My guess would be that with three kids and a lot going on in your household already, it would be difficult to manage life so that it wasn’t hard on everyone. It can certainly be done but there are a lot of better matches for an Airedale that wouldn’t require so much supervision or separation—another Airedale, a lab or another sporting dog, a rottie, even a cattle dog or one of the more confrontational small terriers. Something that would enjoy all that jolly exuberance and what comes with it. I don’t know nearly as many Bedlingtons as I do Airedales, but I really can’t imagine many of them enjoying our Airedale any more than our own Bedlington does. He puts up with her. We make sure she doesn’t batter him out of sheer love for him. (And she does adore him. He’s a little frostier about her.)

I don’t mean to sound like a hypocrite since I love my own so much, but again we aren’t expecting them to interact all the time and we do separate things with them because this was our plan from the beginning and it suits our life. We’re starting to think about puppies ourselves, as our dogs are nine and seven years old, so we’re thinking a lot about how we’re going to handle daily life and keep everyone happy.

Sorry to go on so long, but this is something we put a lot of thought into when we added dogs to our family and it’s something I still think about a lot. Diane had a lot of good information about Bedlingtons specifically, and she’s definitely a source to trust.

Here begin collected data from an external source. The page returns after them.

definition bitension :: "nat \<Rightarrow> nat \<Rightarrow> ((nat \<Rightarrow> real) \<Rightarrow> (nat \<Rightarrow> real)) \<Rightarrow> (nat \<Rightarrow> real) \<Rightarrow> (nat \<Rightarrow> real)" where
  "bitension d N \<phi> x = (\<lambda>i. - rough_lap d N \<phi> (tension d N \<phi>) x i
      - tr d x (\<lambda>X Y. curv_sph N (dmap d \<phi> x X) (tension d N \<phi> x) (dmap d \<phi> x Y)) i)"

definition proper_biharmonic :: "nat \<Rightarrow> nat \<Rightarrow> ((nat \<Rightarrow> real) \<Rightarrow> (nat \<Rightarrow> real)) \<Rightarrow> bool" where
  "proper_biharmonic d N \<phi> \<longleftrightarrow>
     (\<forall>x\<in>sph d 1. \<phi> x \<in> sph N 1) \<and>
     (\<forall>x\<in>sph d 1. \<forall>i<N. bitension d N \<phi> x i = 0) \<and>
     (\<exists>x\<in>sph d 1. \<exists>i<N. tension d N \<phi> x i \<noteq> 0)"

definition multi_idx :: "nat \<Rightarrow> nat \<Rightarrow> (nat \<Rightarrow> nat) set" where
  "multi_idx d k = {\<alpha>. (\<forall>i\<ge>d. \<alpha> i = 0) \<and> (\<Sum>i<d. \<alpha> i) = k}"

definition hom_poly :: "nat \<Rightarrow> nat \<Rightarrow> ((nat \<Rightarrow> real) \<Rightarrow> real) \<Rightarrow> bool" where
  "hom_poly d k p \<longleftrightarrow> (\<exists>c. \<forall>x. p x = (\<Sum>\<alpha>\<in>multi_idx d k. c \<alpha> * (\<Prod>i<d. x i ^ \<alpha> i)))"

definition harmonic_fun :: "nat \<Rightarrow> ((nat \<Rightarrow> real) \<Rightarrow> real) \<Rightarrow> bool" where
  "harmonic_fun d p \<longleftrightarrow> (\<forall>x. (\<Sum>j<d. partial j (partial j p) x) = 0)"

definition sph_harm :: "nat \<Rightarrow> nat \<Rightarrow> ((nat \<Rightarrow> real) \<Rightarrow> real) set" where
  "sph_harm d k = {f. \<exists>p. hom_poly d k p \<and> harmonic_fun d p \<and> (\<forall>x\<in>sph d 1. f x = p x)}"

text \<open>Integral over S^(d-1) with respect to the Riemannian measure, via the
  cone formula: int_S f d sigma = d * int_{unit ball} f(y/|y|) dy.\<close>
definition sph_integral :: "nat \<Rightarrow> ((nat \<Rightarrow> real) \<Rightarrow> real) \<Rightarrow> real" where
  "sph_integral d f = real d * (\<integral>y. indicator {y. ip d y y \<le> 1} y * f (radproj d y)
                                    \<partial>(PiM {..<d} (\<lambda>_. lborel)))"

definition L2_ip :: "nat \<Rightarrow> ((nat \<Rightarrow> real) \<Rightarrow> real) \<Rightarrow> ((nat \<Rightarrow> real) \<Rightarrow> real) \<Rightarrow> real" where
  "L2_ip d f g = sph_integral d (\<lambda>x. f x * g x)"

definition sph_harm_onb :: "nat \<Rightarrow> nat \<Rightarrow> ((nat \<Rightarrow> real) \<Rightarrow> real) list \<Rightarrow> bool" where
  "sph_harm_onb d k fs \<longleftrightarrow>
     (\<forall>f\<in>set fs. f \<in> sph_harm d k) \<and>
     (\<forall>i<length fs. \<forall>j<length fs. L2_ip d (fs ! i) (fs ! j) = (if i = j then 1 else 0)) \<and>
     (\<forall>f\<in>sph_harm d k. \<exists>a. \<forall>x\<in>sph d 1. f x = (\<Sum>i<length fs. a i * (fs ! i) x))"

definition pair_map :: "real \<Rightarrow> ((nat \<Rightarrow> real) \<Rightarrow> real) list \<Rightarrow> real \<Rightarrow> ((nat \<Rightarrow> real) \<Rightarrow> real) list
     \<Rightarrow> (nat \<Rightarrow> real) \<Rightarrow> (nat \<Rightarrow> real)" where
  "pair_map c1 fs1 c2 fs2 x = (\<lambda>i. if i < length fs1 then c1 * (fs1 ! i) x
      else if i < length fs1 + length fs2 then c2 * (fs2 ! (i - length fs1)) x else 0)"

end

theory Submission
  imports Defs
begin

text \<open>The components of the map are harmonic homogeneous polynomials Q_i of degree k_i, whose
  restrictions to the sphere are eigenfunctions of the Laplacian with eigenvalue
  lambda_i = k_i (k_i + m - 1). Because each block has constant squared norm 1/2, the energy density
  |d phi|^2 = (lambda_1 + lambda_2)/2 is constant and the tension field is tau_i = sigma_i Q_i with
  sigma = +-(lambda_2 - lambda_1)/2 on the two blocks; it is orthogonal to d phi. Hence the rough
  Laplacian and the curvature term of tau_2 are again blockwise multiples of Q_i, and they cancel,
  while k_1 \<noteq> k_2 makes lambda_1 \<noteq> lambda_2, so tau \<noteq> 0.
  All covariant derivatives are tangential projections of derivatives of 0-homogeneous extensions;
  for polynomial data they reduce to ordinary partial derivatives of the polynomials.\<close>

inductive poly_on :: "nat \<Rightarrow> ((nat \<Rightarrow> real) \<Rightarrow> real) \<Rightarrow> bool" for d where
  poly_on_const: "poly_on d (\<lambda>x. c)"
| poly_on_coord: "i < d \<Longrightarrow> poly_on d (\<lambda>x. x i)"
| poly_on_add: "poly_on d f \<Longrightarrow> poly_on d g \<Longrightarrow> poly_on d (\<lambda>x. f x + g x)"
| poly_on_mult: "poly_on d f \<Longrightarrow> poly_on d g \<Longrightarrow> poly_on d (\<lambda>x. f x * g x)"

text \<open>partial is defined through deriv, which is junk where the restriction to a
  coordinate line is not differentiable; this predicate excludes that.\<close>
definition has_partials :: "((nat \<Rightarrow> real) \<Rightarrow> real) \<Rightarrow> bool" where
  "has_partials f \<longleftrightarrow> (\<forall>y j. ((\<lambda>t. f (y(j := y j + t))) has_real_derivative partial j f y) (at 0))"

lemma if_zero_mult [simp]: "(if P then a else 0) * (c::real) = (if P then a * c else 0)"
  by simp

lemma mult_if_zero [simp]: "(c::real) * (if P then a else 0) = (if P then c * a else 0)"
  by simp

lemma coord_line_has_derivative:
  "((\<lambda>t. (y(j := y j + t)) l) has_real_derivative (if l = j then 1 else 0)) (at t0)"
  by (cases "l = j") (auto intro!: derivative_eq_intros)

lemma partial_eqI:
  "((\<lambda>t. f (y(j := y j + t))) has_real_derivative D) (at 0) \<Longrightarrow> partial j f y = D"
  by (simp add: partial_def DERIV_imp_deriv)

lemma has_partialsD:
  "has_partials f \<Longrightarrow> ((\<lambda>t. f (y(j := y j + t))) has_real_derivative partial j f y) (at 0)"
  by (simp add: has_partials_def)

lemma has_partialsI:
  "(\<And>y j. ((\<lambda>t. f (y(j := y j + t))) has_real_derivative partial j f y) (at 0)) \<Longrightarrow> has_partials f"
  by (simp add: has_partials_def)

lemma partial_const [simp]: "partial j (\<lambda>x. c) y = 0"
  by (rule partial_eqI) (rule DERIV_const)

lemma partial_coord [simp]: "partial j (\<lambda>x. x i) y = (if i = j then 1 else 0)"
  by (rule partial_eqI) (rule coord_line_has_derivative)

lemma has_partials_const [simp]: "has_partials (\<lambda>x. c)"
  by (simp add: has_partials_def)

lemma has_partials_coord [simp]: "has_partials (\<lambda>x. x i)"
  by (rule has_partialsI, subst partial_coord) (rule coord_line_has_derivative)

lemma partial_add [simp]: "has_partials f \<Longrightarrow> has_partials g \<Longrightarrow>
    partial j (\<lambda>x. f x + g x) y = partial j f y + partial j g y"
  by (rule partial_eqI) (intro DERIV_add has_partialsD)

lemma has_partials_add [simp]: "has_partials f \<Longrightarrow> has_partials g \<Longrightarrow> has_partials (\<lambda>x. f x + g x)"
  by (rule has_partialsI) (auto intro!: DERIV_cong[OF DERIV_add[OF has_partialsD has_partialsD]])

lemma partial_diff [simp]: "has_partials f \<Longrightarrow> has_partials g \<Longrightarrow>
    partial j (\<lambda>x. f x - g x) y = partial j f y - partial j g y"
  by (rule partial_eqI) (intro DERIV_diff has_partialsD)

lemma has_partials_diff [simp]: "has_partials f \<Longrightarrow> has_partials g \<Longrightarrow> has_partials (\<lambda>x. f x - g x)"
  by (rule has_partialsI) (auto intro!: DERIV_cong[OF DERIV_diff[OF has_partialsD has_partialsD]])

lemma partial_mult [simp]: "has_partials f \<Longrightarrow> has_partials g \<Longrightarrow>
    partial j (\<lambda>x. f x * g x) y = partial j f y * g y + f y * partial j g y"
  by (rule partial_eqI) (rule DERIV_cong[OF DERIV_mult'[OF has_partialsD has_partialsD]], auto)

lemma has_partials_mult [simp]: "has_partials f \<Longrightarrow> has_partials g \<Longrightarrow> has_partials (\<lambda>x. f x * g x)"
  by (rule has_partialsI) (auto intro!: DERIV_cong[OF DERIV_mult'[OF has_partialsD has_partialsD]])

lemma partial_sum [simp]: "\<forall>a\<in>A. has_partials (f a) \<Longrightarrow>
    partial j (\<lambda>x. \<Sum>a\<in>A. f a x) y = (\<Sum>a\<in>A. partial j (f a) y)"
  by (cases "finite A") (auto intro!: partial_eqI DERIV_sum has_partialsD)

lemma has_partials_sum [simp]: "\<forall>a\<in>A. has_partials (f a) \<Longrightarrow> has_partials (\<lambda>x. \<Sum>a\<in>A. f a x)"
  by (rule has_partialsI) (cases "finite A", auto intro!: DERIV_cong[OF DERIV_sum] has_partialsD)

lemma partial_power [simp]: "has_partials f \<Longrightarrow>
    partial j (\<lambda>x. f x ^ n) y = real n * f y ^ (n - 1) * partial j f y"
  by (rule partial_eqI) (auto intro!: derivative_eq_intros has_partialsD)

lemma has_partials_power [simp]: "has_partials f \<Longrightarrow> has_partials (\<lambda>x. f x ^ n)"
  by (rule has_partialsI) (auto intro!: derivative_eq_intros has_partialsD)

lemma partial_divide_const [simp]: "has_partials f \<Longrightarrow> partial j (\<lambda>x. f x / c) y = partial j f y / c"
  by (rule partial_eqI) (intro DERIV_cdivide has_partialsD)

lemma has_partials_divide_const [simp]: "has_partials f \<Longrightarrow> has_partials (\<lambda>x. f x / c)"
  by (rule has_partialsI) (auto intro!: DERIV_cdivide has_partialsD)

lemma partial_const_mult: "has_partials f \<Longrightarrow> partial j (\<lambda>x. c * f x) = (\<lambda>y. c * partial j f y)"
  by (rule ext) simp

lemma poly_on_has_partials: "poly_on d f \<Longrightarrow> has_partials f"
  by (induction rule: poly_on.induct) auto

lemma poly_on_diff:
  assumes "poly_on d f" "poly_on d g" shows "poly_on d (\<lambda>x. f x - g x)"
proof -
  have "poly_on d (\<lambda>x. f x + (- 1) * g x)"
    using assms by (intro poly_on.intros)
  then show ?thesis by simp
qed

lemma poly_on_sum: "(\<And>a. a \<in> A \<Longrightarrow> poly_on d (f a)) \<Longrightarrow> poly_on d (\<lambda>x. \<Sum>a\<in>A. f a x)"
proof (induction A rule: infinite_finite_induct)
  case (insert a F)
  then show ?case using poly_on_add[of d "f a" "\<lambda>x. \<Sum>a\<in>F. f a x"] by simp
qed (simp_all add: poly_on_const)

lemma poly_on_prod: "(\<And>a. a \<in> A \<Longrightarrow> poly_on d (f a)) \<Longrightarrow> poly_on d (\<lambda>x. \<Prod>a\<in>A. f a x)"
proof (induction A rule: infinite_finite_induct)
  case (insert a F)
  then show ?case using poly_on_mult[of d "f a" "\<lambda>x. \<Prod>a\<in>F. f a x"] by simp
qed (simp_all add: poly_on_const)

lemma poly_on_power: "poly_on d f \<Longrightarrow> poly_on d (\<lambda>x. f x ^ n)"
  by (induction n) (simp_all add: poly_on_const poly_on_mult)

lemma poly_on_partial: "poly_on d f \<Longrightarrow> poly_on d (partial j f)"
proof (induction rule: poly_on.induct)
  case (poly_on_add f g)
  then show ?case
    using poly_on_has_partials[OF poly_on_add.hyps(1)] poly_on_has_partials[OF poly_on_add.hyps(2)]
    by (simp add: poly_on.intros)
next
  case (poly_on_mult f g)
  then show ?case
    using poly_on_has_partials[OF poly_on_mult.hyps(1)] poly_on_has_partials[OF poly_on_mult.hyps(2)]
    by (simp add: poly_on.intros)
qed (simp_all add: poly_on.intros)

lemma partial_commute: "poly_on d f \<Longrightarrow> partial h (partial l f) = partial l (partial h f)"
proof (induction rule: poly_on.induct)
  case (poly_on_add f g)
  have "has_partials f" "has_partials g" "has_partials (partial l f)" "has_partials (partial l g)"
    "has_partials (partial h f)" "has_partials (partial h g)"
    using poly_on_add.hyps by (auto intro!: poly_on_has_partials poly_on_partial)
  then show ?case using poly_on_add.IH by (simp add: fun_eq_iff)
next
  case (poly_on_mult f g)
  have "has_partials f" "has_partials g" "has_partials (partial l f)" "has_partials (partial l g)"
    "has_partials (partial h f)" "has_partials (partial h g)"
    using poly_on_mult.hyps by (auto intro!: poly_on_has_partials poly_on_partial)
  then show ?case using poly_on_mult.IH by (simp add: fun_eq_iff algebra_simps)
qed (simp_all add: fun_eq_iff)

And thank you Diane for even thinking of me. As I said in the beginning, I love both these breeds and I can’t imagine living without either one but I also hate to think of someone expecting them to get along like a house afire without being aware of the differences and difficulties. Oddly enough, although wire fox terriers are considered dog aggressive feisty little beasts who don’t get along well with any other dog, they’re a natural match for both Airedales and Bedlingtons in ways that Airedales and Bedlingtons don’t click. The happiest years of my life were spent with two wire fox terriers, an Airedale and a Bedlington, but I wouldn’t want to have just a young Airedale and a young Bedlington.